In response, the Defendant argues that the fifteen (15) disputed depositions were reasonably necessary at the time they were taken. Indeed, when determining whether a particular deposition is reasonably necessary, the Court must look to the facts known at the time the deposition was taken. To this end, the Defendant states that all of the deponents at issue had been identified by the Plaintiff as persons having knowledge of the allegations of the Third Amended Complaint at the time the depositions were taken.

Desisto Coll., Inc. v. Howey-in-the-Hills. 718 F. Supp. 906, 912 (M.D.Fla. 1989).

Upon review, the Court agrees that the costs of the fifteen (15) disputed depositions were properly taxed. A deposition taken within the proper bounds of discovery is normally deemed to be necessary for use in the case. The Plaintiff's objections to the taxation of the costs of such depositions are therefore due to be overruled.

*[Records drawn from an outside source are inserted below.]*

lemma borel_measurable_matrix_mult_left [measurable]:
  "(\<lambda>X::complex^'n^'n. A ** X) \<in> borel_measurable borel"
  unfolding matrix_matrix_mult_def by (intro borel_measurable_continuous_onI continuous_intros)

lemma borel_measurable_matrix_mult_right [measurable]:
  "(\<lambda>X::complex^'n^'n. X ** A) \<in> borel_measurable borel"
  unfolding matrix_matrix_mult_def by (intro borel_measurable_continuous_onI continuous_intros)

lemma borel_measurable_conj_transpose [measurable]:
  "(conj_transpose :: complex^'n^'n \<Rightarrow> _) \<in> borel_measurable borel"
  unfolding conj_transpose_def by (intro borel_measurable_continuous_onI continuous_intros)

lemma borel_measurable_matrix_mult_swap:
  "(\<lambda>(X, Y). Y ** X :: complex^'n^'n) \<in> borel_measurable (borel \<Otimes>\<^sub>M borel)"
  unfolding borel_prod case_prod_beta matrix_matrix_mult_def
  by (intro borel_measurable_continuous_onI continuous_intros)

lemma AE_is_haar:
  assumes "is_haar G M" "G \<in> sets borel"
  shows "AE X in M. X \<in> G"
  using prob_space.AE_in_set_eq_1[OF is_haar_prob_space[OF assms(1)]] assms
  by (simp add: is_haar_sets is_haar_emeasure measure_def)

lemma nn_integral_is_haar_left_mult:
  assumes M: "is_haar G M" and A: "A \<in> G" and f: "f \<in> borel_measurable borel"
  shows "(\<integral>\<^sup>+X. f (A ** X) \<partial>M) = (\<integral>\<^sup>+X. f X \<partial>M)"
proof -
  have "(\<lambda>X. A ** X) \<in> M \<rightarrow>\<^sub>M borel"
    by (simp add: measurable_cong_sets[OF is_haar_sets[OF M] refl])
  then have "(\<integral>\<^sup>+X. f (A ** X) \<partial>M) = (\<integral>\<^sup>+X. f X \<partial>distr M borel (\<lambda>X. A ** X))"
    by (rule nn_integral_distr[symmetric]) (use f in simp)
  then show ?thesis
    by (simp add: is_haar_distr_left_mult[OF M A])
qed

lemma integral_is_haar_left_mult:
  fixes f :: "complex^'n^'n \<Rightarrow> 'b::{banach, second_countable_topology}"
  assumes M: "is_haar G M" and A: "A \<in> G" and f: "f \<in> borel_measurable borel"
  shows "(\<integral>X. f (A ** X) \<partial>M) = (\<integral>X. f X \<partial>M)"
proof -
  have "(\<lambda>X. A ** X) \<in> M \<rightarrow>\<^sub>M borel"
    by (simp add: measurable_cong_sets[OF is_haar_sets[OF M] refl])
  then have "(\<integral>X. f (A ** X) \<partial>M) = (\<integral>X. f X \<partial>distr M borel (\<lambda>X. A ** X))"
    by (rule integral_distr[symmetric]) (use f in simp)
  then show ?thesis
    by (simp add: is_haar_distr_left_mult[OF M A])
qed

lemma nn_integral_distr_conj_transpose_right_mult:
  assumes G_ct: "\<And>A. A \<in> G \<Longrightarrow> conj_transpose A \<in> G"
    and N: "is_haar G N" and X: "X \<in> G" and f: "f \<in> borel_measurable borel"
  shows "(\<integral>\<^sup>+Y. f (Y ** X) \<partial>distr N borel conj_transpose) = (\<integral>\<^sup>+Y. f Y \<partial>distr N borel conj_transpose)"
proof -
  have ct_N: "conj_transpose \<in> N \<rightarrow>\<^sub>M borel"
    by (simp add: measurable_cong_sets[OF is_haar_sets[OF N] refl])
  have "(\<integral>\<^sup>+Y. f (Y ** X) \<partial>distr N borel conj_transpose) = (\<integral>\<^sup>+Y. f (conj_transpose Y ** X) \<partial>N)"
    by (rule nn_integral_distr[OF ct_N]) (use f in measurable)
  also have "\<dots> = (\<integral>\<^sup>+Y. f (conj_transpose (conj_transpose X ** Y)) \<partial>N)"
    by (simp add: conj_transpose_mult)
  also have "\<dots> = (\<integral>\<^sup>+Y. f (conj_transpose Y) \<partial>N)"
    by (rule nn_integral_is_haar_left_mult[OF N G_ct[OF X]]) (use f in measurable)
  also have "\<dots> = (\<integral>\<^sup>+Y. f Y \<partial>distr N borel conj_transpose)"
    by (rule nn_integral_distr[OF ct_N, symmetric]) (use f in measurable)
  finally show ?thesis .
qed

text \<open>Only closure of \<open>G\<close> under \<open>conj_transpose\<close> (the inverse on unitary matrices) is needed for
  uniqueness: Fubini lets the left invariance of \<open>M\<close> and the right invariance of the reflected
  measure of \<open>N\<close> act on the two factors of \<open>Y ** X\<close>.\<close>

lemma
  assumes G: "G \<in> sets borel" and G_ct: "\<And>A. A \<in> G \<Longrightarrow> conj_transpose A \<in> G"
    and N: "is_haar G N"
  shows prob_space_distr_conj_transpose: "prob_space (distr N borel conj_transpose)"
    and AE_distr_conj_transpose: "AE Y in distr N borel conj_transpose. Y \<in> G"
proof -
  have ct_N: "conj_transpose \<in> N \<rightarrow>\<^sub>M borel"
    by (simp add: measurable_cong_sets[OF is_haar_sets[OF N] refl])
  show "prob_space (distr N borel conj_transpose)"
    using is_haar_prob_space[OF N] ct_N by (rule prob_space.prob_space_distr)
  show "AE Y in distr N borel conj_transpose. Y \<in> G"
    using AE_is_haar[OF N G] G_ct by (subst AE_distr_iff) (auto simp: G ct_N)
qed

lemma is_haar_eq_distr_conj_transpose:
  assumes G: "G \<in> sets borel" and G_ct: "\<And>A. A \<in> G \<Longrightarrow> conj_transpose A \<in> G"
    and M: "is_haar G M" and N: "is_haar G N"
  shows "M = distr N borel conj_transpose"
proof (rule measure_eqI)
  define N' where "N' = distr N borel conj_transpose"
  have sM: "sets M = sets borel" and sN': "sets N' = sets borel"
    using M by (simp_all add: is_haar_sets N'_def)
  have "prob_space N'"
    unfolding N'_def using G G_ct N by (rule prob_space_distr_conj_transpose)
  have AE_N': "AE Y in N'. Y \<in> G"
    unfolding N'_def using G G_ct N by (rule AE_distr_conj_transpose)
  interpret pair_sigma_finite M N'
    using is_haar_prob_space[OF M] \<open>prob_space N'\<close>
    by (simp add: pair_sigma_finite_def prob_space_imp_sigma_finite)
  fix E assume "E \<in> sets M"
  then have E: "E \<in> sets borel" using sM by simp
  have "emeasure M E = (\<integral>\<^sup>+Y. emeasure M E \<partial>N')"
    using prob_space.emeasure_space_1[OF \<open>prob_space N'\<close>] by simp
  also have "\<dots> = (\<integral>\<^sup>+Y. (\<integral>\<^sup>+X. indicator E (Y ** X) \<partial>M) \<partial>N')"
    using AE_N' by (intro nn_integral_cong_AE, eventually_elim)
      (use E sM in \<open>simp add: nn_integral_is_haar_left_mult[OF M]\<close>)
  also have "\<dots> = (\<integral>\<^sup>+X. (\<integral>\<^sup>+Y. indicator E (Y ** X) \<partial>N') \<partial>M)"
  proof (rule Fubini')
    show "(\<lambda>(X, Y). indicator E (Y ** X) :: ennreal) \<in> borel_measurable (M \<Otimes>\<^sub>M N')"
      unfolding measurable_cong_sets[OF sets_pair_measure_cong[OF sM sN'] refl] case_prod_beta
      using borel_measurable_matrix_mult_swap[unfolded case_prod_beta] E by measurable
  qed
  also have "\<dots> = (\<integral>\<^sup>+X. emeasure N' E \<partial>M)"
    using AE_is_haar[OF M G]
    by (intro nn_integral_cong_AE, eventually_elim)
      (use E sN' in \<open>simp add: N'_def nn_integral_distr_conj_transpose_right_mult[OF G_ct N]\<close>)
  also have "\<dots> = emeasure N' E"
    using prob_space.emeasure_space_1[OF is_haar_prob_space[OF M]] by simp
  finally show "emeasure M E = emeasure (distr N borel conj_transpose) E"
    by (simp add: N'_def)
qed (simp add: is_haar_sets[OF M])

lemma is_haar_unique:
  assumes "G \<in> sets borel" "\<And>A. A \<in> G \<Longrightarrow> conj_transpose A \<in> G"
    and "is_haar G M" "is_haar G N"
  shows "M = N"
  using is_haar_eq_distr_conj_transpose[OF assms(1,2)] assms(3,4) by metis

lemma haar_measure_is_haar:
  assumes "G \<in> sets borel" "\<And>A. A \<in> G \<Longrightarrow> conj_transpose A \<in> G" "is_haar G M"
  shows "is_haar G (haar_measure G)"
  unfolding haar_measure_eq_The
  by (rule theI[of _ M]) (use assms is_haar_unique in blast)+

section \<open>Invariance of Lebesgue measure under linear isometries\<close>

lemma nn_integral_translation_invariant:
  fixes M :: "'a::euclidean_space measure"
  assumes M: "sets M = sets borel" "distr M borel ((+) c) = M"
    and f: "f \<in> borel_measurable borel"
  shows "(\<integral>\<^sup>+x. f (c + x) \<partial>M) = (\<integral>\<^sup>+x. f x \<partial>M)"
proof -
  have "((+) c) \<in> M \<rightarrow>\<^sub>M borel"
    by (simp add: measurable_cong_sets[OF M(1) refl])
  then have "(\<integral>\<^sup>+x. f (c + x) \<partial>M) = (\<integral>\<^sup>+x. f x \<partial>distr M borel ((+) c))"
    by (rule nn_integral_distr[symmetric]) (use f in simp)
  then show ?thesis
    by (simp add: M(2))
qed

lemma nn_integral_translation_swap:
  fixes M N :: "'a::euclidean_space measure"
  assumes sM: "sets M = sets borel" and sN: "sets N = sets borel"
    and "sigma_finite_measure M" "sigma_finite_measure N"
    and tM: "\<And>c. distr M borel ((+) c) = M"
    and f [measurable]: "(\<lambda>(x, y). f x y) \<in> borel_measurable (borel \<Otimes>\<^sub>M borel)"
  shows "(\<integral>\<^sup>+x. (\<integral>\<^sup>+y. f x (x + y) \<partial>N) \<partial>M) = (\<integral>\<^sup>+x. (\<integral>\<^sup>+y. f (- y + x) x \<partial>N) \<partial>M)"
proof -
  interpret pair_sigma_finite M N
    using assms by (simp add: pair_sigma_finite_def)
  have pair_measurable: "(\<lambda>(x, y). g x y) \<in> borel_measurable (M \<Otimes>\<^sub>M N)"
    if "(\<lambda>(x, y). g x y) \<in> borel_measurable (borel \<Otimes>\<^sub>M borel)" for g :: "'a \<Rightarrow> 'a \<Rightarrow> ennreal"
    using that by (simp add: measurable_cong_sets[OF sets_pair_measure_cong[OF sM sN] refl])
  have "(\<integral>\<^sup>+x. (\<integral>\<^sup>+y. f x (x + y) \<partial>N) \<partial>M) = (\<integral>\<^sup>+y. (\<integral>\<^sup>+x. f x (x + y) \<partial>M) \<partial>N)"
    by (rule Fubini'[symmetric], rule pair_measurable) measurable
  also have "\<dots> = (\<integral>\<^sup>+y. (\<integral>\<^sup>+x. f (- y + x) x \<partial>M) \<partial>N)"
  proof (rule nn_integral_cong)
    fix y
    have "(\<integral>\<^sup>+x. f (- y + x) x \<partial>M) = (\<integral>\<^sup>+x. f (- y + (y + x)) (y + x) \<partial>M)"
      by (rule nn_integral_translation_invariant[OF sM tM, symmetric]) measurable
    then show "(\<integral>\<^sup>+x. f x (x + y) \<partial>M) = (\<integral>\<^sup>+x. f (- y + x) x \<partial>M)"
      by (simp add: add.commute)
  qed
  also have "\<dots> = (\<integral>\<^sup>+x. (\<integral>\<^sup>+y. f (- y + x) x \<partial>N) \<partial>M)"
    by (rule Fubini', rule pair_measurable) measurable
  finally show ?thesis .
qed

Helms v. Walmart Stores. Inc., 808 F. Supp. 1568, 1571 (ND.Ga. 1992).

In objecting to the cost of videotaping depositions, the Plaintiff overlooks the following ruling of the Eleventh Circuit in Morrison v. Reichhold Chems., Inc.

[W]hen a party notices a deposition to be recorded . . . by both stenographic and nonstenographic means, and no objection is raised at that time . . . it is appropriate under § 1920 to award the cost of conducting the deposition in the manner noticed.

97 F.3d 460, 464-65 (11th Cir. 1996).

The Defendant maintains that it noticed all of its depositions to be recorded by stenographic and videographic means, and that "Plaintiff never objected to the videotaping of the depositions and should not be heard to do so at this late date." The Court agrees and finds that the Plaintiff's objections to the taxation of costs for videotaping depositions are due to be overruled.

With respect to the costs for expedited transcripts and trial transcripts, the Defendant argues that both were not only necessary, but essential to the trial of the case. According to the Defendant, such transcripts were necessary to the preparation of a defense, including witness examination, jury instructions, and closing arguments. The Defendant further contends that the transcripts were necessary to preserve oral rulings made by the Court and were indispensable because of the length and complexity of the case. The Court agrees that this was a lengthy and complex trial, and objections to the taxation of costs for expedited transcripts and trial transcripts are due to be overruled.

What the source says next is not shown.